As for the balance sheet, it continues to remain spotless. The company continues to have no debt, with about $700 million in working capital available.
So is Fitbit a buy?
This is a very difficult verdict. On the one hand, we know that revenue will be lower on a Y/Y basis, so there is no catalyst to buy shares at the current time.
On the other hand, the company has a clear revenue roadmap ahead, with the smartwatch as its centerpiece. I foresee services will kick in at some point down the road, and they will be substantial. We just don't know when this will happen. In addition, I am sure something good will come out of the collaboration with Google.
From a valuation perspective, all the above information is baked in the stock already. At current levels, FIT is trading at a very depressed market cap. The current market cap is about $1.2B, with the stock trading at about 0.75X revenue. As such, I think there is a high margin of safety in FIT shares, even if revenue is forecasted to be lower by about 8% this year.
When a balance sheet is not deteriorating sometimes, I am willing to sit on a stock at depressed levels, even if I do not foresee growth over the short term.
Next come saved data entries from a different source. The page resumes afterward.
lemma sum_UNIV_square:
  fixes f :: "'a::{finite,field} \<Rightarrow> 'b::comm_ring_1"
  assumes "odd CARD('a)"
  shows "(\<Sum>t\<in>UNIV. f (t ^ 2)) = (\<Sum>u\<in>UNIV. (1 + of_int (qchar u)) * f u)"
proof -
  have card: "(of_nat (card {t. t ^ 2 = u}) :: 'b) = 1 + of_int (qchar u)" for u :: 'a
  proof -
    have "(of_nat (card {t. t ^ 2 = u}) :: 'b) = of_int (int (card {t. t ^ 2 = u}))"
      by simp
    also have "\<dots> = of_int (1 + qchar u)"
      by (simp only: card_square_roots[OF assms])
    finally show ?thesis by simp
  qed
  have "(\<Sum>t\<in>UNIV. f (t ^ 2)) = (\<Sum>u\<in>UNIV. \<Sum>t\<in>{t. t \<in> UNIV \<and> t ^ 2 = u}. f (t ^ 2))"
    by (rule sum.group[symmetric]) auto
  also have "\<dots> = (\<Sum>u\<in>UNIV. of_nat (card {t. t ^ 2 = u}) * f u)"
    by simp
  also have "\<dots> = (\<Sum>u\<in>UNIV. (1 + of_int (qchar u)) * f u)"
    by (simp only: card)
  finally show ?thesis .
qed

lemma sum_qchar_eq_0:
  assumes "odd CARD('a::{finite,field})"
  shows "(\<Sum>x\<in>UNIV. qchar (x::'a)) = 0"
  using sum_UNIV_square[OF assms, of "\<lambda>_. 1::int"] by (simp add: sum.distrib)

lemma card_nonzero_squares:
  assumes "odd CARD('a::{finite,field})"
  shows "2 * card {u::'a. u \<noteq> 0 \<and> (\<exists>b. b ^ 2 = u)} = CARD('a) - 1"
proof -
  let ?S = "UNIV - {0::'a}"
  let ?T = "{u::'a. u \<noteq> 0 \<and> (\<exists>b. b ^ 2 = u)}"
  have "CARD('a) - 1 = (\<Sum>x\<in>?S. 1::nat)" by (simp add: card_Diff_subset)
  also have "\<dots> = (\<Sum>u\<in>?T. \<Sum>x | x \<in> ?S \<and> x ^ 2 = u. 1)"
    by (rule sum.group[symmetric]) auto
  also have "\<dots> = (\<Sum>u\<in>?T. 2)"
  proof (rule sum.cong[OF refl])
    fix u assume "u \<in> ?T"
    then obtain b where b: "b \<noteq> 0" "u = b ^ 2" by auto
    then have "{x. x \<in> ?S \<and> x ^ 2 = u} = {t. t ^ 2 = b ^ 2}" by auto
    then show "(\<Sum>x | x \<in> ?S \<and> x ^ 2 = u. 1::nat) = 2"
      using card_square_roots_of_square[OF assms b(1)] by simp
  qed
  finally show ?thesis by simp
qed

text \<open>Euler's criterion. The nonzero squares are roots of \<open>X\<^sup>k - 1\<close>, \<open>k = (q - 1)/2\<close>, and there
  are exactly \<open>k\<close> of them, so they are all its roots.\<close>
lemma power_half_eq_one_iff_square:
  fixes a :: "'a::{finite,field}"
  assumes odd: "odd CARD('a)" and "a \<noteq> 0"
  shows "a ^ ((CARD('a) - 1) div 2) = 1 \<longleftrightarrow> (\<exists>b. b ^ 2 = a)"
proof -
  let ?k = "(CARD('a) - 1) div 2"
  let ?T = "{u::'a. u \<noteq> 0 \<and> (\<exists>b. b ^ 2 = u)}"
  have two_k: "2 * ?k = CARD('a) - 1" using odd by presburger
  have k: "?k \<ge> 1" using CARD_ge_3_if_odd[OF odd] by linarith
  have square_root: "u ^ ?k = 1" if "u \<in> ?T" for u
  proof -
    from that obtain b where "b \<noteq> 0" "u = b ^ 2" by auto
    then show ?thesis
      using power_CARD_minus_one_eq_one[of b] two_k by (simp flip: power_mult)
  qed
  define p :: "'a poly" where "p = monom 1 ?k + [:-1:]"
  have "degree p = ?k"
    unfolding p_def using k by (simp add: degree_add_eq_left degree_monom_eq)
  then have roots: "card {x. poly p x = 0} \<le> ?k"
    using card_poly_roots_bound[of p] k by force
  have sub: "?T \<subseteq> {x. poly p x = 0}"
    using square_root by (auto simp: p_def poly_monom)
  have "card ?T = ?k"
    using card_nonzero_squares[OF odd] two_k by simp
  then have "?T = {x. poly p x = 0}"
    using card_mono[OF finite sub] roots by (intro card_subset_eq[OF finite sub]) simp
  then show ?thesis
    using assms(2) by (auto simp: p_def poly_monom)
qed

lemma of_int_qchar_eq_power:
  fixes a :: "'a::{finite,field}"
  assumes odd: "odd CARD('a)"
  shows "of_int (qchar a) = a ^ ((CARD('a) - 1) div 2)"
proof (cases "a = 0")
  case True
  then show ?thesis using CARD_ge_3_if_odd[OF odd] by simp
next
  case False
  let ?k = "(CARD('a) - 1) div 2"
  have "2 * ?k = CARD('a) - 1" using odd by presburger
  then have "(a ^ ?k) ^ 2 = 1"
    using power_CARD_minus_one_eq_one[OF False] by (simp flip: power_mult add: mult.commute)
  then have "a ^ ?k = 1 \<or> a ^ ?k = -1" by (simp add: power2_eq_1_iff)
  then show ?thesis
    using power_half_eq_one_iff_square[OF odd False] False by (auto simp: qchar_def)
qed

lemma of_int_sign_inject:
  assumes "odd CARD('a::{finite,field})" "i \<in> {-1, 0, 1}" "j \<in> {-1, 0, 1}"
    and "(of_int i :: 'a) = of_int j"
  shows "i = j"
proof -
  have "(-1::'a) \<noteq> 1"
    using two_neq_zero_if_odd_CARD[OF assms(1)] by (simp add: eq_neg_iff_add_eq_0 one_add_one)
  with assms(2-4) show ?thesis by auto
qed

lemma qchar_mult:
  fixes a b :: "'a::{finite,field}"
  assumes odd: "odd CARD('a)"
  shows "qchar (a * b) = qchar a * qchar b"
proof (rule of_int_sign_inject[OF odd qchar_range])
  show "qchar a * qchar b \<in> {-1, 0, 1}"
    using qchar_range[of a] qchar_range[of b] by auto
  show "(of_int (qchar (a * b)) :: 'a) = of_int (qchar a * qchar b)"
    by (simp add: of_int_qchar_eq_power[OF odd] power_mult_distrib)
qed

lemma qchar_inverse:
  fixes a :: "'a::{finite,field}"
  assumes odd: "odd CARD('a)"
  shows "qchar (inverse a) = qchar a"
proof (cases "a = 0")
  case False
  then have "qchar (inverse a) * qchar a = 1"
    using qchar_mult[OF odd, of "inverse a" a] by simp
  then show ?thesis using qchar_range[of a] by auto
qed simp

lemma qchar_minus_one:
  assumes odd: "odd CARD('a::{finite,field})"
  shows "qchar (-1::'a) = (if CARD('a) mod 4 = 1 then 1 else -1)"
proof (rule of_int_sign_inject[OF odd qchar_range])
  have "even ((CARD('a) - 1) div 2) \<longleftrightarrow> CARD('a) mod 4 = 1" using odd by presburger
  then show "(of_int (qchar (-1::'a)) :: 'a) = of_int (if CARD('a) mod 4 = 1 then 1 else -1)"
    by (simp add: of_int_qchar_eq_power[OF odd])
qed simp

lemma qchar_divide_four:
  fixes x :: "'a::{finite,field}"
  assumes odd: "odd CARD('a)"
  shows "qchar (x / 4) = qchar x"
proof -
  have "(2::'a) \<noteq> 0" by (rule two_neq_zero_if_odd_CARD[OF odd])
  then have "qchar (inverse ((2::'a) ^ 2)) = 1"
    unfolding qchar_inverse[OF odd] by (rule qchar_square)
  moreover have "x / 4 = x * inverse ((2::'a) ^ 2)"
    by simp
  ultimately show ?thesis
    by (simp only: qchar_mult[OF odd] mult_1_right)
qed

lemma qchar_minus_one_power_half:
  assumes odd: "odd CARD('a::{finite,field})" and "even d"
  shows "qchar (-1::'a) ^ (d div 2) = (if d mod 4 = 2 \<and> CARD('a) mod 4 = 3 then -1 else 1)"
proof (cases "d mod 4 = 0")
  case True
  then have "even (d div 2)" by presburger
  with True show ?thesis by (simp add: qchar_power_even)
next
  case False
  with \<open>even d\<close> have "d mod 4 = 2" "odd (d div 2)" by presburger+
  moreover have "CARD('a) mod 4 = 1 \<or> CARD('a) mod 4 = 3" using odd by presburger
  ultimately show ?thesis
    using qchar_minus_one[OF odd] by auto
qed

section \<open>A nontrivial additive character\<close>

definition nontrivial_add_character :: "('a::ring_1 \<Rightarrow> complex) \<Rightarrow> bool" where
  "nontrivial_add_character \<psi> \<longleftrightarrow>
     (\<forall>x y. \<psi> (x + y) = \<psi> x * \<psi> y) \<and> (\<forall>x. norm (\<psi> x) = 1) \<and> (\<exists>c. \<psi> c \<noteq> 1)"

definition add_subgroup :: "'a::ab_group_add set \<Rightarrow> bool" where
  "add_subgroup H \<longleftrightarrow> 0 \<in> H \<and> (\<forall>x\<in>H. \<forall>y\<in>H. x + y \<in> H) \<and> (\<forall>x\<in>H. - x \<in> H)"

lemma add_subgroup_diff: "add_subgroup H \<Longrightarrow> x \<in> H \<Longrightarrow> y \<in> H \<Longrightarrow> x - y \<in> H"
  unfolding add_subgroup_def by (metis diff_conv_add_uminus)

lemma add_subgroup_of_int_mult:
  fixes x :: "'a::ring_1"
  assumes H: "add_subgroup H" and "x \<in> H"
  shows "of_int k * x \<in> H"
proof -
  have of_nat_mult: "of_nat n * x \<in> H" for n
    by (induction n) (use H \<open>x \<in> H\<close> in \<open>auto simp: add_subgroup_def distrib_right\<close>)
  show ?thesis
  proof (cases "k \<ge> 0")
    case True
    then show ?thesis using of_nat_mult[of "nat k"] by simp
  next
    case False
    then have "of_int k * x = - (of_nat (nat (- k)) * x)" by simp
    then show ?thesis using of_nat_mult[of "nat (- k)"] H by (simp add: add_subgroup_def)
  qed
qed

lemma ex_maximal_proper_add_subgroup:
  obtains H :: "'a::{finite,ring_1} set"
  where "add_subgroup H" "H \<noteq> UNIV"
    and "\<And>K. add_subgroup K \<Longrightarrow> H \<subseteq> K \<Longrightarrow> K \<noteq> UNIV \<Longrightarrow> K = H"
proof -
  let ?P = "{K::'a set. add_subgroup K \<and> K \<noteq> UNIV}"
  have "add_subgroup {0::'a}" by (simp add: add_subgroup_def)
  moreover have "{0::'a} \<noteq> UNIV" by (metis UNIV_I singletonD zero_neq_one)
  ultimately have "?P \<noteq> {}" by blast
  moreover have "finite ?P" by simp
  ultimately obtain H where H: "H \<in> ?P" and maximal: "\<forall>K\<in>?P. H \<subseteq> K \<longrightarrow> H = K"
    using finite_has_maximal[of ?P] by blast
  show ?thesis
  proof (rule that)
    show "add_subgroup H" "H \<noteq> UNIV" using H by blast+
    show "K = H" if "add_subgroup K" "H \<subseteq> K" "K \<noteq> UNIV" for K
      using maximal that by blast
  qed
qed
text \<open>Mean zero and f \<ge> -C on [0,1) give the L^1 bound 2C per period, hence 4C on any interval
  of length at most 1.\<close>
lemma L1_unit_shift: "(LINT y:{real_of_int n..<real_of_int n + 1}|lborel. \<bar>f y\<bar>) \<le> 2 * C"
proof -
  have lb: "AE y in lborel. y \<in> {0..<1} \<longrightarrow> - C \<le> f y"
    using dyadic_bound[of 0 0] avg_level0[of 0] unfolding dyadic_ivl_def by simp
  have "(LINT y:{0..<1}|lborel. \<bar>f y\<bar>) \<le> (LINT y:{0..<1}|lborel. f y + 2 * C)"
    by (rule set_integral_mono_AE[OF integrable_Ico_abs
          set_integral_add(1)[OF integrable_Ico]])
      (use lb C_nonneg in \<open>auto simp: set_integrable_def\<close>)
  also have "\<dots> = 2 * C"
    by (subst set_integral_add(2)[OF integrable_Ico])
      (simp_all add: set_integrable_def mean_zero set_integral_const)
  finally have "(LINT y:{0 + real_of_int n..<1 + real_of_int n}|lborel. \<bar>f y\<bar>) \<le> 2 * C"
    unfolding shift_set_integral by (simp add: periodic_int)
  then show ?thesis by (simp add: add.commute)
qed

lemma L1_bound:
  assumes "0 \<le> l" "l \<le> 1"
  shows "(LINT y:{u..<u+l}|lborel. \<bar>f y\<bar>) \<le> 4 * C"
proof -
  define n where "n = \<lfloor>u\<rfloor>"
  have n: "real_of_int n \<le> u" "u < real_of_int n + 1" unfolding n_def by linarith+
  define L where "L a b = (LINT y:{a..<b}|lborel. \<bar>f y\<bar>)" for a b
  have split: "L a c = L a b + L b c" if "a \<le> b" "b \<le> c" for a b c
    unfolding L_def by (rule Ico_split_integral[OF that integrable_Ico_abs integrable_Ico_abs])
  have nonneg: "0 \<le> L a b" for a b
    unfolding L_def set_lebesgue_integral_def by (auto intro!: integral_nonneg simp: indicator_def)
  have "L (real_of_int n) (real_of_int n + 2)
      = L (real_of_int n) (real_of_int n + 1) + L (real_of_int (n+1)) (real_of_int (n+1) + 1)"
    using split[of "real_of_int n" "real_of_int n + 1" "real_of_int n + 2"] by (simp add: add.assoc)
  then have "L (real_of_int n) (real_of_int n + 2) \<le> 4 * C"
    using L1_unit_shift[of n] L1_unit_shift[of "n+1"] unfolding L_def by simp
  moreover have "L (real_of_int n) (real_of_int n + 2)
     = L (real_of_int n) u + (L u (u+l) + L (u+l) (real_of_int n + 2))"
    using split[of "real_of_int n" u "real_of_int n + 2"] split[of u "u+l" "real_of_int n + 2"] n assms
    by simp
  ultimately show ?thesis using nonneg[of "real_of_int n" u] nonneg[of "u+l" "real_of_int n + 2"]
    unfolding L_def by linarith
qed
lemma orthonormal_eigenvectors_exist:
  assumes w: "\<forall>x<n. w x > 0" and A: "reversible n w A" and "K \<le> n"
  shows "\<exists>\<phi> d. orthonormal_eigenvectors n w A \<phi> d K"
  using \<open>K \<le> n\<close>
proof (induction K)
  case 0
  show ?case by (simp add: orthonormal_eigenvectors_def orthonormal_w_def)
next
  case (Suc K)
  then obtain \<phi> d where \<phi>: "orthonormal_eigenvectors n w A \<phi> d K" by auto
  obtain u lam where u: "\<exists>x<n. u x \<noteq> 0" "\<forall>k<K. inner_w n w (\<phi> k) u = 0"
    "\<forall>x<n. mat_act n A u x = lam * u x"
    using exists_eigenvector_orthogonal[OF w A \<phi>] Suc.prems by auto
  have "inner_w n w u u > 0" using u(1) inner_w_self_pos[OF w] by blast
  then obtain s where s: "inner_w n w (\<lambda>x. s * u x) (\<lambda>x. s * u x) = 1" by (rule inner_w_normalize)
  have "orthonormal_w n w (\<phi>(K := \<lambda>x. s * u x)) (Suc K)"
    using \<phi> s u(2) by (intro orthonormal_w_snoc)
      (simp_all add: orthonormal_eigenvectors_def inner_w_scale_right)
  moreover have "\<forall>x<n. mat_act n A (\<lambda>x. s * u x) x = lam * (s * u x)"
    using u(3) by (simp add: mat_act_scale)
  ultimately have "orthonormal_eigenvectors n w A (\<phi>(K := \<lambda>x. s * u x)) (d(K := lam)) (Suc K)"
    using \<phi> unfolding orthonormal_eigenvectors_def by (simp add: less_Suc_eq)
  then show ?case by blast
qed

lemma decreasing_eigenbasis_exists:
  assumes w: "\<forall>x<n. w x > 0" and A: "reversible n w A"
  shows "\<exists>\<phi> d. decreasing_eigenbasis n w A \<phi> d"
proof -
  obtain \<phi> d where \<phi>: "orthonormal_eigenvectors n w A \<phi> d n"
    using orthonormal_eigenvectors_exist[OF w A le_refl] by blast
  define ds where "ds = map d [0..<n]"
  have "mset (rev (sort ds)) = mset ds" by simp
  then obtain p where p: "p permutes {..<length ds}" "permute_list p ds = rev (sort ds)"
    using mset_eq_permutation by blast
  have pn: "p k < n" if "k < n" for k
    using p(1) that unfolding ds_def by (metis lessThan_iff length_map diff_zero length_upt permutes_in_image)
  have p_inj: "p k = p l \<longleftrightarrow> k = l" for k l
    using p(1) by (meson permutes_inj injD)
  have "d (p k) = rev (sort ds) ! k" if "k < n" for k
  proof -
    have "rev (sort ds) ! k = ds ! p k"
      using p that unfolding ds_def by (metis permute_list_nth length_map diff_zero length_upt)
    then show ?thesis using pn[OF that] by (simp add: ds_def)
  qed
  moreover have "sorted_wrt (\<ge>) (rev (sort ds))" by (simp add: sorted_wrt_rev)
  ultimately have "d (p j) \<le> d (p i)" if "i \<le> j" "j < n" for i j
    using that unfolding ds_def
    by (cases "i = j") (auto simp: sorted_wrt_iff_nth_less)
  moreover have "orthonormal_eigenvectors n w A (\<lambda>k. \<phi> (p k)) (\<lambda>k. d (p k)) n"
    using \<phi> pn p_inj unfolding orthonormal_eigenvectors_def orthonormal_w_def by auto
  ultimately show ?thesis unfolding decreasing_eigenbasis_def by blast
qed

lemma char_poly_eq_prod_eigenvalues:
  assumes A: "A \<in> carrier_mat n n" and \<phi>: "orthonormal_eigenvectors n w A \<phi> d n"
  shows "char_poly A = (\<Prod>a\<leftarrow>map d [0..<n]. [:-a, 1:])"
proof -
  define U :: "real mat" where "U = mat n n (\<lambda>(x,k). \<phi> k x)"
  define V :: "real mat" where "V = mat n n (\<lambda>(k,y). w y * \<phi> k y)"
  define D :: "real mat" where "D = mat n n (\<lambda>(k,l). if k = l then d k else 0)"
  have U: "U \<in> carrier_mat n n" and V: "V \<in> carrier_mat n n" and D: "D \<in> carrier_mat n n"
    unfolding U_def V_def D_def by auto
  have VU: "V * U = 1\<^sub>m n"
  proof (rule eq_matI)
    fix i j assume "i < dim_row (1\<^sub>m n :: real mat)" "j < dim_col (1\<^sub>m n :: real mat)"
    then show "(V * U) $$ (i,j) = (1\<^sub>m n :: real mat) $$ (i,j)"
      using \<phi> unfolding V_def U_def orthonormal_eigenvectors_def orthonormal_w_def inner_w_def
      by (simp add: scalar_prod_def atLeast0LessThan mult_ac)
  qed (use V U in auto)
  have UV: "U * V = 1\<^sub>m n" by (rule mat_mult_left_right_inverse[OF V U VU])
  have AU: "A * U = U * D"
  proof (rule eq_matI)
    fix i j assume "i < dim_row (U * D)" "j < dim_col (U * D)"
    then have ij: "i < n" "j < n" using U D by auto
    have "(A * U) $$ (i,j) = mat_act n A (\<phi> j) i"
      using ij A unfolding U_def mat_act_def by (simp add: scalar_prod_def atLeast0LessThan)
    also have "\<dots> = (\<Sum>l<n. \<phi> l i * (if l = j then d l else 0))"
      using \<phi> ij unfolding orthonormal_eigenvectors_def by (simp add: if_distrib cong: if_cong)
    also have "\<dots> = (U * D) $$ (i,j)"
      using ij unfolding U_def D_def by (simp add: scalar_prod_def atLeast0LessThan)
    finally show "(A * U) $$ (i,j) = (U * D) $$ (i,j)" .
  qed (use A U D in auto)
  have "A = U * D * V"
    using A U V UV by (metis AU assoc_mult_mat right_mult_one_mat mult_carrier_mat)
  then have "similar_mat A D"
    unfolding similar_mat_def similar_mat_wit_def Let_def using A U V D UV VU by blast
  then have "char_poly A = char_poly D" by (rule char_poly_similar)
  also have "\<dots> = (\<Prod>a\<leftarrow>diag_mat D. [:-a, 1:])"
    by (rule char_poly_upper_triangular[OF D]) (auto simp: upper_triangular_def D_def)
  also have "diag_mat D = map d [0..<n]" unfolding diag_mat_def D_def by auto
  finally show ?thesis .
qed

lemma sorted_eigenvalues_of_decreasing_eigenbasis:
  assumes "A \<in> carrier_mat n n" "decreasing_eigenbasis n w A \<phi> d"
  shows "sorted_eigenvalues A (map d [0..<n])"
  using assms char_poly_eq_prod_eigenvalues[OF assms(1)]
  unfolding sorted_eigenvalues_def decreasing_eigenbasis_def
  by (auto simp: sorted_wrt_iff_nth_less)

section \<open>Second moments of the stationary chain\<close>

lemma mat_act_const:
  assumes "transition_matrix n P" "x < n"
  shows "mat_act n P (\<lambda>_. c) x = c"
  using assms unfolding transition_matrix_def mat_act_def by (simp add: sum_distrib_right[symmetric])

lemma reversible_stationary:
  assumes "transition_matrix n P" "reversible n \<pi> P"
  shows "(\<Sum>x<n. \<pi> x * mat_act n P u x) = (\<Sum>x<n. \<pi> x * u x)"
proof -
  have "(\<Sum>x<n. \<pi> x * mat_act n P u x) = inner_w n \<pi> (\<lambda>_. 1) (mat_act n P u)"
    by (simp add: inner_w_def)
  also have "\<dots> = inner_w n \<pi> (mat_act n P (\<lambda>_. 1)) u"
    by (rule inner_w_mat_act[OF assms(2), symmetric])
  also have "\<dots> = inner_w n \<pi> (\<lambda>_. 1) u"
    using mat_act_const[OF assms(1)] by (intro inner_w_cong) auto
  finally show ?thesis by (simp add: inner_w_def)
qed

lemma sum_PiE_lessThan_Suc:
  fixes F :: "(nat \<Rightarrow> 'b) \<Rightarrow> 'a :: comm_monoid_add"
  assumes "finite B"
  shows "(\<Sum>p\<in>PiE {..<Suc N} (\<lambda>_. B). F p) = (\<Sum>p\<in>PiE {..<N} (\<lambda>_. B). \<Sum>y\<in>B. F (p(N := y)))"
proof -
  have "(\<Sum>p\<in>PiE {..<Suc N} (\<lambda>_. B). F p) =
      (\<Sum>p\<in>(\<lambda>(y, g). g(N := y)) ` (B \<times> PiE {..<N} (\<lambda>_. B)). F p)"
    by (simp add: lessThan_Suc PiE_insert_eq)
  also have "\<dots> = (\<Sum>yg\<in>B \<times> PiE {..<N} (\<lambda>_. B). F ((\<lambda>(y, g). g(N := y)) yg))"
    by (rule sum.reindex[OF inj_combinator, unfolded comp_def]) simp
  also have "\<dots> = (\<Sum>y\<in>B. \<Sum>p\<in>PiE {..<N} (\<lambda>_. B). F (p(N := y)))"
    by (simp add: sum.cartesian_product case_prod_unfold)
  also have "\<dots> = (\<Sum>p\<in>PiE {..<N} (\<lambda>_. B). \<Sum>y\<in>B. F (p(N := y)))"
    by (rule sum.swap)
  finally show ?thesis .
qed

lemma path_prob_fun_upd:
  "path_prob \<pi> P (Suc (Suc M)) (p(Suc M := y)) = path_prob \<pi> P (Suc M) p * P $$ (p M, y)"
proof -
  have "(\<Prod>i<M. P $$ ((p(Suc M := y)) i, (p(Suc M := y)) (Suc i))) = (\<Prod>i<M. P $$ (p i, p (Suc i)))"
    by (rule prod.cong) auto
  then show ?thesis unfolding path_prob_def by (simp add: mult_ac)
qed

lemma path_expect_cong:
  assumes "\<And>p. p \<in> PiE {..<N} (\<lambda>_. {..<n}) \<Longrightarrow> g p = h p"
  shows "path_expect n \<pi> P N g = path_expect n \<pi> P N h"
  unfolding path_expect_def using assms by (intro sum.cong) auto

lemma path_expect_sum:
  "path_expect n \<pi> P N (\<lambda>p. \<Sum>i\<in>I. g i p) = (\<Sum>i\<in>I. path_expect n \<pi> P N (g i))"
  unfolding path_expect_def by (simp add: sum_distrib_left sum.swap[of _ I])

lemma path_expect_last_step:
  assumes "\<And>p q. \<forall>i\<le>M. p i = q i \<Longrightarrow> G p = G q"
  shows "path_expect n \<pi> P (Suc (Suc M)) (\<lambda>p. G p * h (p (Suc M))) =
    path_expect n \<pi> P (Suc M) (\<lambda>p. G p * mat_act n P h (p M))"
proof -
  have G: "G (p(Suc M := y)) = G p" for p y by (rule assms) auto
  have "path_expect n \<pi> P (Suc (Suc M)) (\<lambda>p. G p * h (p (Suc M))) =
      (\<Sum>p\<in>PiE {..<Suc M} (\<lambda>_. {..<n}).
         \<Sum>y<n. path_prob \<pi> P (Suc (Suc M)) (p(Suc M := y)) * (G (p(Suc M := y)) * h y))"
    unfolding path_expect_def by (subst sum_PiE_lessThan_Suc) auto
  also have "\<dots> = path_expect n \<pi> P (Suc M) (\<lambda>p. G p * mat_act n P h (p M))"
    unfolding path_expect_def path_prob_fun_upd G mat_act_def
    by (simp add: sum_distrib_left mult_ac)
  finally show ?thesis .
qed

lemma path_expect_drop_tail:
  assumes T: "transition_matrix n P" and G: "\<And>p q. \<forall>i\<le>M. p i = q i \<Longrightarrow> G p = G q"
  shows "path_expect n \<pi> P (Suc M + e) G = path_expect n \<pi> P (Suc M) G"
proof (induction e)
  case (Suc e)
  have "path_expect n \<pi> P (Suc (Suc (M + e))) (\<lambda>p. G p * 1) =
      path_expect n \<pi> P (Suc (M + e)) (\<lambda>p. G p * mat_act n P (\<lambda>_. 1) (p (M + e)))"
    by (rule path_expect_last_step) (rule G, auto)
  also have "\<dots> = path_expect n \<pi> P (Suc (M + e)) G"
    using mat_act_const[OF T] by (intro path_expect_cong) (auto simp: PiE_iff)
  finally show ?case using Suc by simp
qed simp

lemma path_expect_single:
  assumes "transition_matrix n P" "reversible n \<pi> P"
  shows "path_expect n \<pi> P (Suc M) (\<lambda>p. u (p M)) = (\<Sum>x<n. \<pi> x * u x)"
proof (induction M arbitrary: u)
  case 0
  show ?case
    unfolding path_expect_def by (subst sum_PiE_lessThan_Suc) (auto simp: path_prob_def)
next
  case (Suc M)
  have "path_expect n \<pi> P (Suc (Suc M)) (\<lambda>p. 1 * u (p (Suc M))) =
      path_expect n \<pi> P (Suc M) (\<lambda>p. 1 * mat_act n P u (p M))"
    by (rule path_expect_last_step) auto
  then show ?case using Suc reversible_stationary[OF assms] by simp
qed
This, assuming I am also modeling revenue growth and profitability down the road.
So, what investors have to take into consideration is that, on the one hand, current levels offer a good entry point, but they might not see capital appreciation for a while.
Bottom line
FIT is a turnaround situation play in progress. Currently, FIT shares are trading at depressed levels, but, at the same time, I think the company will see much better days in 2-3 quarters.
It's very difficult to make a call if one should buy the stock just yet. But if you do decide to sit on the stock at current time, I think downside is limited.
Personally, I like the company a lot, but I will refrain from buying at the current time, mainly because I am involved with other stocks at the moment. I would, however, be a buyer if the stock falls around the $4 handle.